BMJ 2002;325:66 ( 13 July )
Linda Beecham BMJ
Doctors at the annual representative meeting of the BMA last week debated whether the 1961 Suicide Act should be amended. The high profile cases of Diane Pretty, who wanted her husband to be allowed to help her to die without fear of prosecution, and of Miss B, who successfully asked for treatment to be withdrawn so that she could die, were the background to the debate.
Despite speeches in support of changing the law, the meeting decided, by 96 votes to 82, that it was not "necessary and desirable" to amend the act "to take account of mentally competent individuals who wish to take their own lives but are physically incapable of so doing."
The motion was not about euthanasia or physician assisted suicide, according to the motionís proposer, Dr Alex Freeman, a GP in Southampton. It was about patient autonomy. The 1961 act replaced earlier legislation that made suicide a crime. The act was now out of date and should be amended for a very small number of people.
Dr Robin Arnold, a consultant psychiatrist in Bristol, agreed. Pain could not always be treated, he said. He recalled a patient with motor neurone disease who lost the ability to swallow. "We saw the look of panic in her eyes as she began to drown in her own saliva," Dr Arnold said. Because of the law no one had been able to discuss with the patient what she wanted to do. The issue of indignity should not be ignored.
The chairman of the medical ethics committee, Dr Michael Wilks, said that although the motion referred to the Suicide Act it could not be separated from physician assisted suicide. The BMA had a policy on this, but it could be changed.
Giving a personal view, Dr Wilks said that there was now a well established gap between what the law said about physician assisted suicide (that it was a serious offence punishable by up to 14 years in prison) and what the courts actually did in cases like that of Mrs Pretty. Relatives who helped someone to die were rarely treated harshly by the courts.

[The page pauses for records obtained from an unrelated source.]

lemma curve_first_derivative:
  fixes A x y :: 'a and m n :: nat
  assumes curve: "A * x ^ n * y ^ m + x ^ n + y ^ m = 1" and const: "d A = 0"
  shows "of_nat m * x * ((1 - x ^ n) * (1 + A * x ^ n)) * d y
    = - (of_nat n * (1 + A) * x ^ n * y * d x)"
proof -
  define X Y where "X = x ^ n" and "Y = y ^ m"
  have rel: "A * X * Y + X + Y = 1"
    using curve by (simp add: X_def Y_def)
  have dX: "x * d X = of_nat n * X * d x" and dY: "y * d Y = of_nat m * Y * d y"
    unfolding X_def Y_def by (fact mult_power)+
  have "0 = d (A * X * Y + X + Y)"
    using rel by simp
  also have "\<dots> = (1 + A * Y) * d X + (1 + A * X) * d Y"
    using const by (simp add: algebra_simps)
  finally have drel: "(1 + A * X) * d Y = - ((1 + A * Y) * d X)"
    by (simp add: eq_neg_iff_add_eq_0 add.commute)
  have "1 - X = (A * X * Y + X + Y) - X"
    by (simp only: rel)
  then have Y_rel: "1 - X = Y * (1 + A * X)"
    by (simp add: algebra_simps)
  have "(1 + A * Y) * (1 + A * X) = 1 + A * (A * X * Y + X + Y)"
    by (simp add: algebra_simps)
  then have AY_rel: "(1 + A * Y) * (1 + A * X) = 1 + A"
    by (simp add: rel)
  have "of_nat m * x * ((1 - X) * (1 + A * X)) * d y
      = x * (1 + A * X) * ((1 + A * X) * (of_nat m * Y * d y))"
    unfolding Y_rel by (simp add: algebra_simps)
  also have "\<dots> = x * (1 + A * X) * ((1 + A * X) * d Y) * y"
    unfolding dY[symmetric] by (simp add: algebra_simps)
  also have "\<dots> = - ((1 + A * Y) * (1 + A * X)) * (x * d X) * y"
    unfolding drel by (simp add: algebra_simps)
  also have "\<dots> = - (of_nat n * (1 + A) * X * y * d x)"
    unfolding AY_rel dX by (simp add: algebra_simps)
  finally show ?thesis
    by (simp add: X_def)
qed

This gap was unhelpful and caused great distress. He thought that there was a case for considering amending the Suicide Act, not to decriminalise physician assisted suicide but perhaps to make it a lesser offence.
Opposing a change in the law, a GP in Folkestone, Dr Hugh Robertson-Ritchie, said that if the late Diane Pretty had had her wish and her husband had been allowed to help her to die, doctors would be drawn into helping patients commit suicide, and that would be unethical. A doctor would have to make a diagnosis, make a prognosis, confirm that the patient wanted to die, confirm that the patient was not mentally ill, prescribe a means of suicide, and confirm death.
Dr Anthony Cole, a consultant paediatrician in Worcester, said that the law had been changed in 1961 for compassionate reasons. It was no longer a criminal offence to commit suicide. But there was never an intention to grant a right to die. He reminded the meeting that in the Diane Pretty case judges had said that it was difficult to draw a distinction between helping someone to die and homicide. The law could not be amended in isolation.
A consensus conference on physician assisted suicide in 1999 had decided
that there was no need to change the law, and this had been endorsed by
the annual meeting in 2000. "We should not vote for a U turn on a such
a vital matter that has already been exhaustively debated," he said.